Tencent’s Afterpay play could provoke US giants

Tencent’s Afterpay play could provoke US giants

On Wednesday night, Martin Lau, president of China’s internet giant Tencent, briefed investors on the impact COVID-19 is having on one of the world’s most innovative and ambitious technology companies.

With Chinese citizens locked down because of the coronavirus, Tencent’s quarterly earnings beat expectations as its social media, gaming and streamed media content was consumed by 1.2 billion users of its WeChat mega-app.

But it was Lau’s thinking on the virus’ impact on the e-commerce behemoth’s payments strategy and its engagement with China’s massive retail sector that was striking, given Tencent’s $300 million acquisition of a 5 per cent stake in Afterpay a fortnight ago.

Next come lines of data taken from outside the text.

lemma reverse_Jensen_of_A1_bound:
  fixes v :: "'a::euclidean_space \<Rightarrow> real"
  assumes B: "0 < measure lebesgue B" and [measurable]: "v \<in> borel_measurable lebesgue"
    and v_int: "set_integrable lebesgue B v" and v_pos: "AE y\<in>B in lebesgue. 0 < v y"
    and C: "0 < C" "AE y\<in>B in lebesgue. avg B v \<le> C * v y"
  shows "set_integrable lebesgue B (\<lambda>y. ln (v y)) \<and>
    ln (avg B v) \<le> ln C + avg B (\<lambda>y. ln (v y))"
proof -
  define a where "a = avg B v"
  have a: "0 < a" unfolding a_def using B v_int v_pos by (rule avg_pos)
  have lower: "AE y\<in>B in lebesgue. 0 < v y \<and> ln a - ln C \<le> ln (v y)"
    using v_pos C(2)
  proof eventually_elim
    case (elim y)
    show ?case
    proof
      assume "y \<in> B"
      with elim have "0 < v y" "ln a \<le> ln (C * v y)" using a by (simp_all add: a_def)
      then show "0 < v y \<and> ln a - ln C \<le> ln (v y)" using C(1) by (simp add: ln_mult)
    qed
  qed
  have const: "set_integrable lebesgue B (\<lambda>_. c)" for c :: real
    using measure_pos_imp_fmeasurable[OF B] by (rule set_integrable_const)
  have B_sets: "B \<in> sets lebesgue" using fmeasurableD[OF measure_pos_imp_fmeasurable[OF B]] .
  have ln_int: "set_integrable lebesgue B (\<lambda>y. ln (v y))"
    using lower by (intro set_integrable_ln[OF _ B_sets v_int const[of "ln C - ln a"]]) auto
  have "avg B (\<lambda>_. ln a - ln C) \<le> avg B (\<lambda>y. ln (v y))"
    using lower by (intro avg_mono_AE[OF const ln_int]) auto
  then show ?thesis using ln_int by (simp add: avg_const[OF B] a_def)
qed

lemma neg_ln_le_powr:
  fixes x p :: real
  assumes "0 < x" "1 < p"
  shows "- ln x \<le> (p - 1) * x powr (-1 / (p - 1))"
proof -
  have "- ln x = (p - 1) * ln (x powr (-1 / (p - 1)))" using assms by (simp add: ln_powr)
  also have "\<dots> \<le> (p - 1) * x powr (-1 / (p - 1))"
    using assms ln_le_minus_one[of "x powr (-1 / (p - 1))"] by (intro mult_left_mono) auto
  finally show ?thesis .
qed

lemma reverse_Jensen_of_Ap_bound:
  fixes v :: "'a::euclidean_space \<Rightarrow> real" and p :: real
  defines "w \<equiv> \<lambda>y. v y powr (-1 / (p - 1))"
  assumes B: "0 < measure lebesgue B" and [measurable]: "v \<in> borel_measurable lebesgue"
    and v_int: "set_integrable lebesgue B v" and v_pos: "AE y\<in>B in lebesgue. 0 < v y"
    and p: "1 < p" and w_int: "set_integrable lebesgue B w"
    and C: "avg B v * avg B w powr (p - 1) \<le> C"
  shows "set_integrable lebesgue B (\<lambda>y. ln (v y)) \<and>
    ln (avg B v) \<le> ln C + avg B (\<lambda>y. ln (v y))"
proof -
  have B_sets: "B \<in> sets lebesgue" using fmeasurableD[OF measure_pos_imp_fmeasurable[OF B]] .
  have a: "0 < avg B v" using B v_int v_pos by (rule avg_pos)
  have "AE y\<in>B in lebesgue. 0 < v y \<and> - ln (v y) \<le> (p - 1) * w y"
    using v_pos by eventually_elim (use p neg_ln_le_powr in \<open>auto simp: w_def\<close>)
  then have ln_int: "set_integrable lebesgue B (\<lambda>y. ln (v y))"
    using w_int by (intro set_integrable_ln[OF _ B_sets v_int]) auto
  define L where "L = avg B (\<lambda>y. ln (v y))"
  have "exp (avg B (\<lambda>y. -1 / (p - 1) * ln (v y))) \<le> avg B w"
  proof (rule exp_avg_le_avg[OF B _ w_int])
    show "set_integrable lebesgue B (\<lambda>y. -1 / (p - 1) * ln (v y))"
      using ln_int by (rule set_integrable_mult_right)
    show "AE y\<in>B in lebesgue. exp (-1 / (p - 1) * ln (v y)) \<le> w y"
      using v_pos by eventually_elim (auto simp: w_def powr_def)
  qed
  then have "exp (-1 / (p - 1) * L) \<le> avg B w" unfolding L_def avg_mult_left .
  then have b: "0 < avg B w" and "-1 / (p - 1) * L \<le> ln (avg B w)"
    using exp_gt_zero order_less_le_trans ln_ge_iff by blast+
  then have "- L \<le> (p - 1) * ln (avg B w)"
    using p mult_left_mono[of "-1 / (p - 1) * L" "ln (avg B w)" "p - 1"] by simp
  moreover have "ln (avg B v * avg B w powr (p - 1)) \<le> ln C"
  proof -
    have "0 < avg B v * avg B w powr (p - 1)" using a b by simp
    with C show ?thesis by (metis ln_le_cancel_iff order_less_le_trans)
  qed
  ultimately show ?thesis
    using ln_int a b by (simp add: L_def ln_mult ln_powr)
qed

lemma Muckenhoupt_1_reverse_Jensen:
  assumes "Muckenhoupt 1 v"
  shows "\<exists>K. reverse_Jensen_on_balls K v"
proof -
  have [measurable]: "v \<in> borel_measurable lebesgue" and v_nonneg: "\<And>y. 0 \<le> v y"
    and v_int: "\<And>x r. set_integrable lebesgue (ball x r) v"
    and v_pos: "AE y in lebesgue. 0 < v y"
    using assms by (auto simp: Muckenhoupt_def is_weight_def)
  obtain C where C: "\<And>x r. 0 < r \<Longrightarrow> AE y\<in>ball x r in lebesgue. avg (ball x r) v \<le> C * v y"
    using assms by (auto simp: Muckenhoupt_def)
  have "AE y\<in>ball x r in lebesgue. avg (ball x r) v \<le> max C 1 * v y" if "0 < r" for x r
    using C[OF that, of x]
    by eventually_elim (use v_nonneg in \<open>smt (verit) mult_right_mono max.cobounded1\<close>)
  then have "reverse_Jensen_on_balls (ln (max C 1)) v"
    unfolding reverse_Jensen_on_balls_def using v_int v_pos
    by (intro allI impI reverse_Jensen_of_A1_bound) auto
  then show ?thesis ..
qed

lemma Muckenhoupt_reverse_Jensen:
  assumes p: "1 < p" and "Muckenhoupt p v"
  shows "\<exists>K. reverse_Jensen_on_balls K v"
proof -
  have [measurable]: "v \<in> borel_measurable lebesgue"
    and v_int: "\<And>x r. set_integrable lebesgue (ball x r) v"
    and v_pos: "AE y in lebesgue. 0 < v y"
    using assms by (auto simp: Muckenhoupt_def is_weight_def)
  obtain C where C: "\<And>x r. 0 < r \<Longrightarrow>
      set_integrable lebesgue (ball x r) (\<lambda>y. v y powr (-1 / (p - 1))) \<and>
      avg (ball x r) v * avg (ball x r) (\<lambda>y. v y powr (-1 / (p - 1))) powr (p - 1) \<le> C"
    using assms by (auto simp: Muckenhoupt_def)
  have "reverse_Jensen_on_balls (ln C) v"
    unfolding reverse_Jensen_on_balls_def using v_int v_pos p C
    by (intro allI impI reverse_Jensen_of_Ap_bound) auto
  then show ?thesis ..
qed

lemma A_infty_reverse_Jensen:
  assumes "A_infty v"
  shows "\<exists>K. reverse_Jensen_on_balls K v"
proof -
  obtain p where "1 \<le> p" "Muckenhoupt p v" using assms by (auto simp: A_infty_def)
  then show ?thesis
    by (metis Muckenhoupt_1_reverse_Jensen Muckenhoupt_reverse_Jensen order_le_less)
qed

lemma A_infty_imp_weight: "A_infty v \<Longrightarrow> is_weight v"
  by (auto simp: A_infty_def Muckenhoupt_def)

lemma Lnorm_eq_avg:
  assumes "0 < measure lebesgue B"
  shows "Lnorm s B w = (measure lebesgue B * avg B (\<lambda>y. w y powr s)) powr (1 / s)"
  using assms by (simp add: Lnorm_def avg_def)

lemma prod_powr_reciprocal_exponents:
  fixes a q :: "'i \<Rightarrow> real"
  assumes "finite I" "0 < \<mu>" "\<And>i. i \<in> I \<Longrightarrow> 0 \<le> a i"
    and "qq \<noteq> 0" "1 / qq = (\<Sum>i\<in>I. 1 / q i)"
  shows "(\<Prod>i\<in>I. (\<mu> * a i) powr (1 / q i)) = (\<mu> * (\<Prod>i\<in>I. a i powr (qq / q i))) powr (1 / qq)"
proof -
  have "(\<Prod>i\<in>I. (\<mu> * a i) powr (1 / q i)) = (\<Prod>i\<in>I. ((\<mu> * a i) powr (qq / q i)) powr (1 / qq))"
    using assms(4) by (simp add: powr_powr)
  also have "\<dots> = (\<Prod>i\<in>I. (\<mu> * a i) powr (qq / q i)) powr (1 / qq)"
    by (rule prod_powr_distrib[symmetric])
  also have "(\<Prod>i\<in>I. (\<mu> * a i) powr (qq / q i)) = \<mu> powr (\<Sum>i\<in>I. qq / q i) * (\<Prod>i\<in>I. a i powr (qq / q i))"
    using assms(2,3) by (simp add: powr_mult prod.distrib powr_sum)
  also have "(\<Sum>i\<in>I. qq / q i) = qq * (1 / qq)"
    by (simp add: assms(5) sum_distrib_left)
  also have "\<dots> = 1" using assms(4) by simp
  finally show ?thesis using assms(2) by simp
qed

lemma powr_prod_eq_prod_powr_powr:
  fixes x q :: "'i \<Rightarrow> real"
  assumes "\<And>i. i \<in> I \<Longrightarrow> q i \<noteq> 0"
  shows "(\<Prod>i\<in>I. x i) powr s = (\<Prod>i\<in>I. (x i powr q i) powr (s / q i))"
  unfolding prod_powr_distrib powr_powr using assms by (intro prod.cong) simp_all

lemma prod_Lnorm_eq:
  assumes "0 < measure lebesgue B" "finite I" "\<And>i. i \<in> I \<Longrightarrow> 0 \<le> avg B (\<lambda>y. \<omega> i y powr q i)"
    and "qq \<noteq> 0" "1 / qq = (\<Sum>i\<in>I. 1 / q i)"
  shows "(\<Prod>i\<in>I. Lnorm (q i) B (\<omega> i))
    = (measure lebesgue B * (\<Prod>i\<in>I. avg B (\<lambda>y. \<omega> i y powr q i) powr (qq / q i))) powr (1 / qq)"
  using assms prod_powr_reciprocal_exponents[OF assms(2,1,3-5)] by (simp add: Lnorm_eq_avg)

lemma Lnorm_prod_bounds:
  fixes B :: "'a::euclidean_space set" and \<omega> :: "'i \<Rightarrow> 'a \<Rightarrow> real"
  assumes B: "0 < measure lebesgue B" and I: "finite I"
    and q: "\<And>i. i \<in> I \<Longrightarrow> 0 < q i" and qq: "0 < qq" "1 / qq = (\<Sum>i\<in>I. 1 / q i)"
    and \<omega>_nonneg: "\<And>i y. i \<in> I \<Longrightarrow> 0 \<le> \<omega> i y"
    and \<omega>_pos: "AE y\<in>B in lebesgue. \<forall>i\<in>I. 0 < \<omega> i y"
    and v_int: "\<And>i. i \<in> I \<Longrightarrow> set_integrable lebesgue B (\<lambda>y. \<omega> i y powr q i)"
    and u_int: "set_integrable lebesgue B (\<lambda>y. (\<Prod>i\<in>I. \<omega> i y) powr qq)"
    and reverse: "\<And>i. i \<in> I \<Longrightarrow> set_integrable lebesgue B (\<lambda>y. ln (\<omega> i y powr q i)) \<and>
        ln (avg B (\<lambda>y. \<omega> i y powr q i)) \<le> K i + avg B (\<lambda>y. ln (\<omega> i y powr q i))"
  shows "Lnorm qq B (\<lambda>y. \<Prod>i\<in>I. \<omega> i y) \<le> (\<Prod>i\<in>I. Lnorm (q i) B (\<omega> i))"
    and "(\<Prod>i\<in>I. Lnorm (q i) B (\<omega> i)) \<le> exp (\<Sum>i\<in>I. K i / q i) * Lnorm qq B (\<lambda>y. \<Prod>i\<in>I. \<omega> i y)"
proof -
  define v where "v i = (\<lambda>y. \<omega> i y powr q i)" for i
  define \<theta> where "\<theta> i = qq / q i" for i
  define \<mu> where "\<mu> = measure lebesgue B"
  define G where "G = avg B (\<lambda>y. \<Prod>i\<in>I. v i y powr \<theta> i)"
  define P where "P = (\<Prod>i\<in>I. avg B (v i) powr \<theta> i)"
  have \<theta>_nonneg: "\<And>i. i \<in> I \<Longrightarrow> 0 \<le> \<theta> i" using q qq by (simp add: \<theta>_def less_imp_le)
  have "(\<Sum>i\<in>I. \<theta> i) = qq * (1 / qq)"
    by (simp add: \<theta>_def qq(2) sum_distrib_left)
  then have \<theta>_sum: "(\<Sum>i\<in>I. \<theta> i) = 1" using qq(1) by simp
  have geom: "(\<Prod>i\<in>I. \<omega> i y) powr qq = (\<Prod>i\<in>I. v i y powr \<theta> i)" for y
    unfolding v_def \<theta>_def using q by (intro powr_prod_eq_prod_powr_powr) force
  have v_pos: "AE y\<in>B in lebesgue. \<forall>i\<in>I. 0 < v i y"
    using \<omega>_pos by eventually_elim (auto simp: v_def)
  have avg_v_pos: "0 < avg B (v i)" if "i \<in> I" for i
    using B v_int that v_pos by (intro avg_pos) (auto simp: v_def)
  have G_int: "set_integrable lebesgue B (\<lambda>y. \<Prod>i\<in>I. v i y powr \<theta> i)"
    using u_int by (simp add: geom)
  have G_pos: "0 < G"
    unfolding G_def using B G_int v_pos
    by (intro avg_pos) (auto elim!: eventually_mono intro!: prod_pos)
  have norm_prod: "(\<Prod>i\<in>I. Lnorm (q i) B (\<omega> i)) = (\<mu> * P) powr (1 / qq)"
    unfolding \<mu>_def P_def \<theta>_def v_def using B I avg_v_pos qq
    by (intro prod_Lnorm_eq) (auto simp: v_def less_imp_le)
  have norm_u: "Lnorm qq B (\<lambda>y. \<Prod>i\<in>I. \<omega> i y) = (\<mu> * G) powr (1 / qq)"
    using B by (simp add: Lnorm_eq_avg \<mu>_def G_def geom)
  have "G \<le> P"
    unfolding G_def P_def using B I \<theta>_nonneg \<theta>_sum v_int \<omega>_nonneg avg_v_pos G_int
    by (intro avg_geom_mean_le_prod_avg_powr) (auto simp: v_def)
  then show "Lnorm qq B (\<lambda>y. \<Prod>i\<in>I. \<omega> i y) \<le> (\<Prod>i\<in>I. Lnorm (q i) B (\<omega> i))"
    unfolding norm_prod norm_u using B G_pos qq(1) by (intro powr_mono2) (auto simp: \<mu>_def)
  have "P \<le> exp (\<Sum>i\<in>I. \<theta> i * K i) * G"
    unfolding G_def P_def using B I \<theta>_nonneg v_pos avg_v_pos reverse G_int
    by (intro prod_avg_powr_le_exp_avg_geom_mean) (auto simp: v_def)
  then have "(\<mu> * P) powr (1 / qq) \<le> (exp (\<Sum>i\<in>I. \<theta> i * K i) * (\<mu> * G)) powr (1 / qq)"
    using B G_pos qq(1) by (intro powr_mono2) (auto simp: \<mu>_def P_def prod_nonneg)
  also have "\<dots> = exp (\<Sum>i\<in>I. \<theta> i * K i) powr (1 / qq) * (\<mu> * G) powr (1 / qq)"
    by (rule powr_mult)
  also have "exp (\<Sum>i\<in>I. \<theta> i * K i) powr (1 / qq) = exp (\<Sum>i\<in>I. K i / q i)"
    using qq(1) by (simp add: exp_powr_real \<theta>_def sum_divide_distrib)
  finally show "(\<Prod>i\<in>I. Lnorm (q i) B (\<omega> i)) \<le> exp (\<Sum>i\<in>I. K i / q i) * Lnorm qq B (\<lambda>y. \<Prod>i\<in>I. \<omega> i y)"
    unfolding norm_prod norm_u .
qed
lemma steps_le_card_ratios: "K \<le> n * card (ratio ` {..<K})"
proof -
  have "{..<K} = (\<Union>r\<in>ratio ` {..<K}. {k. k < K \<and> ratio k = r})" by blast
  then have "K = card (\<Union>r\<in>ratio ` {..<K}. {k. k < K \<and> ratio k = r})" by (metis card_lessThan)
  also have "\<dots> \<le> (\<Sum>r\<in>ratio ` {..<K}. card {k. k < K \<and> ratio k = r})" by (rule card_UN_le) simp
  also have "\<dots> \<le> (\<Sum>r\<in>ratio ` {..<K}. n)" by (rule sum_mono) (rule card_steps_with_ratio_le)
  finally show ?thesis by (simp add: mult.commute)
qed

end

theorem corollary3:
  fixes A :: "int mat" and b c u :: "int vec" and d n :: nat
    and xs :: "nat \<Rightarrow> int vec" and K :: nat
  assumes "A \<in> carrier_mat d n"
    and "totally_unimodular A"
    and "dim_vec b = d" and "dim_vec c = n" and "dim_vec u = n"
    and "\<forall>i<n. 0 \<le> u $ i"
    and "feasible A b u (xs 0)"
    and "\<forall>k<K. sd_step A b c u (xs k) (xs (Suc k))"
  shows "K \<le> n * card {r. r > 0 \<and> (\<exists>z \<in> circuits A. r = sd_ratio c z)}
         \<and> (sd_stops A b c u (xs K) \<longrightarrow> optimal A b c u (xs K))"
proof -
  have "\<forall>k<K. \<exists>z \<alpha>. sd_step_by A b c u (xs k) z \<alpha> (xs (Suc k))"
    using assms(8) sd_step_imp_sd_step_by by blast
  then obtain G \<alpha> where "\<forall>k<K. sd_step_by A b c u (xs k) (G k) (\<alpha> k) (xs (Suc k))" by metis
  then interpret sd_run A b c u d n xs K G \<alpha>
    using assms(1,2,4,7) by unfold_locales auto
  let ?R = "{r. r > 0 \<and> (\<exists>z \<in> circuits A. r = sd_ratio c z)}"
  have "ratio ` {..<K} \<subseteq> ?R" using direction(3) step(4) by blast
  moreover have "finite ?R"
    by (rule finite_subset[of _ "sd_ratio c ` circuits A"]) (use finite_circuits[OF assms(1,2)] in auto)
  ultimately have "card (ratio ` {..<K}) \<le> card ?R" by (rule card_mono[rotated])
  then have "K \<le> n * card ?R" using steps_le_card_ratios by (meson le_trans mult_le_mono2)
  moreover have "sd_stops A b c u (xs K) \<longrightarrow> optimal A b c u (xs K)"
    using sd_stops_imp_optimal[OF assms(1,4) feasible_xs] by blast
  ultimately show ?thesis by blast
qed

end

The move onto Afterpay’s register – which helped its shares return to record-high levels on the ASX this week – was in part a response by Tencent to Ant Financial, a key competitor, which recently bought a minority position in Klarna, a European buy now, pay later giant and one of Afterpay’s main competitors in the US. But both deals reflect the China fintech giants’ desire to play a bigger role in the global payments system, where revenues are expected to hit $3 trillion by 2025, according to McKinsey.

With the United States and China embroiled in a trade dispute, the push by Afterpay and Klarna to compete with US banks and card giants Visa and Mastercard for the attention of US retailers is set to come under scrutiny, as the US financial industry’s lobbyists bring the Chinese minority equity stakes to the attention of the powers that be in Washington, and hardline Texas senator Ted Cruz takes aim at Tencent.

“Afterpay is now in a ‘dance of the elephants’ – and they are a small mouse,” says Grant Halverson, CEO of McLean Roche, a payments consultancy.

“So they had better remain very aware and quick and fleet footed, or they could get squashed.”